Mad Al was their shooter.
Granville finished off his tankard in one swallow. They were lucky to be alive. Denver wasn’t that big; he could have found them easily, and at least one of them would be dead by now. In fact, if it was Mad Al on their trail, they were lucky not to have been killed long before they reached Denver. What was going on?
“Yup, he wandered into the Mule one afternoon. Too bad I didn’t know you were lookin’ for him.”
“He say where he was going?”
Berger shrugged. “Seemed like he’d been lookin’ for work, but after he had a couple drinks with us he said he’d be heading north the next day.”
“Back to Seattle?” Scott asked.
Berger looked surprised. “I think he said he was goin’ to Vancouver. But that’s Canada, ain’t it?”
“There’s two,” Scott said. “One in Washington State, one in British Columbia.”
“Ah.” Berger nodded, apparently satisfied.
Which Vancouver would Mad Al be headed for?
If he was their shooter, he’d come from Canada and would likely return there. And Emily was there, looking for Mary Pearson.
Granville felt a sudden unease. Now he thought about it, she hadn’t actually agreed not to investigate further. Was there any possibility she would actually find Mad Al? He couldn’t risk that happening.
“You sure he said Vancouver?”
Berger was nodding. “Yup, cause I asked him about it.
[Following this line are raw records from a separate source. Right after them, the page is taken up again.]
lemma carrier_family_sum_classes:
  assumes E: "equiv K E" and v: "v \<in> mcarrier V"
  shows "v \<in> family_sum V (family_sum V F) (K // E)"
proof -
  interpret coarse: subgroup_family V "K // E" "family_sum V F"
    using E by (rule subgroup_family_classes)
  have "v \<in> family_sum V F K"
    using v carrier_family_sum by blast
  then obtain "is" f where f: "set is \<subseteq> K" "\<forall>i\<in>set is. f i \<in> F i" "v = lsum V (map f is)"
    by (rule family_sumE)
  have "f i \<in> family_sum V (family_sum V F) (K // E)" if i: "i \<in> set is" for i
  proof -
    have iK: "i \<in> K"
      using f i by blast
    then have cls: "E `` {i} \<in> K // E"
      by (rule quotientI)
    have "f i \<in> family_sum V F (E `` {i})"
      using equiv_class_self[OF E iK] iK f i by (intro family_sum_summand) auto
    then show ?thesis
      using cls by (intro coarse.family_sum_summand)
  qed
  then have "set (map f is) \<subseteq> family_sum V (family_sum V F) (K // E)"
    by auto
  then show ?thesis
    unfolding f(3) by (intro coarse.family_sum_lsum) simp_all
qed

lemma family_sum_classes_independent:
  assumes E: "equiv K E"
    and Ds: "distinct Ds" "set Ds \<subseteq> K // E" "\<forall>D\<in>set Ds. h D \<in> family_sum V F D"
    and sum0: "lsum V (map h Ds) = mzero V" and D: "D \<in> set Ds"
  shows "h D = mzero V"
proof -
  let ?rest = "remove1 D Ds"
  let ?U = "\<Union> (set ?rest)"
  have classes_sub: "X \<subseteq> K" if "X \<in> set Ds" for X
    using in_quotient_imp_subset[OF E] Ds(2) that by blast
  have rest_sub: "set ?rest \<subseteq> set Ds"
    by (rule set_remove1_subset)
  have UK: "?U \<subseteq> K"
    using rest_sub classes_sub by blast
  have rest: "lsum V (map h ?rest) \<in> family_sum V F ?U"
    using rest_sub Ds(3) classes_sub by (intro lsum_family_sums) blast
  have "D \<inter> D' = {}" if "D' \<in> set ?rest" for D'
    using quotient_disj[OF E] Ds(1,2) D that rest_sub by fastforce
  then have disj: "D \<inter> ?U = {}"
    by blast
  have hC: "\<forall>D'\<in>set Ds. h D' \<in> mcarrier V"
    using Ds(3) classes_sub family_sum_subset by blast
  have rC: "lsum V (map h ?rest) \<in> mcarrier V"
    using rest family_sum_subset[OF UK] by blast
  have "h D \<oplus> lsum V (map h ?rest) = mzero V"
    using sum0 lsum_remove1[OF D hC] by simp
  then have "h D = mzero V \<oplus> (- 1) \<cdot> lsum V (map h ?rest)"
    using hC D rC by (intro madd_eq_imp_eq_diff) auto
  also have "\<dots> \<in> family_sum V F ?U"
    using family_sum_neg[OF UK rest] rC by simp
  finally show ?thesis
    using family_sum_disjoint[OF classes_sub[OF D] UK disj] Ds D by blast
qed

lemma direct_sum_coarsening:
  assumes E: "equiv K E"
  shows "is_direct_sum V (K // E) (family_sum V F)"
proof -
  interpret coarse: subgroup_family V "K // E" "family_sum V F"
    using E by (rule subgroup_family_classes)
  show ?thesis
    unfolding is_direct_sum_iff
    using carrier_family_sum_classes[OF E] family_sum_classes_independent[OF E]
    by (intro conjI subsetI ballI allI impI) (auto intro: coarse.summand_carrier)
qed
He said it was a pretty place but it rained too much.”
That could still be either city. They needed to free little Sarah, deal with these villains, then get back to Vancouver.
Except he wasn’t even seeing Baxter until the following day.
Perhaps he’d stop at the telegraph office and send Emily a wire, urging her to be careful. And hope she wouldn’t simply ignore it.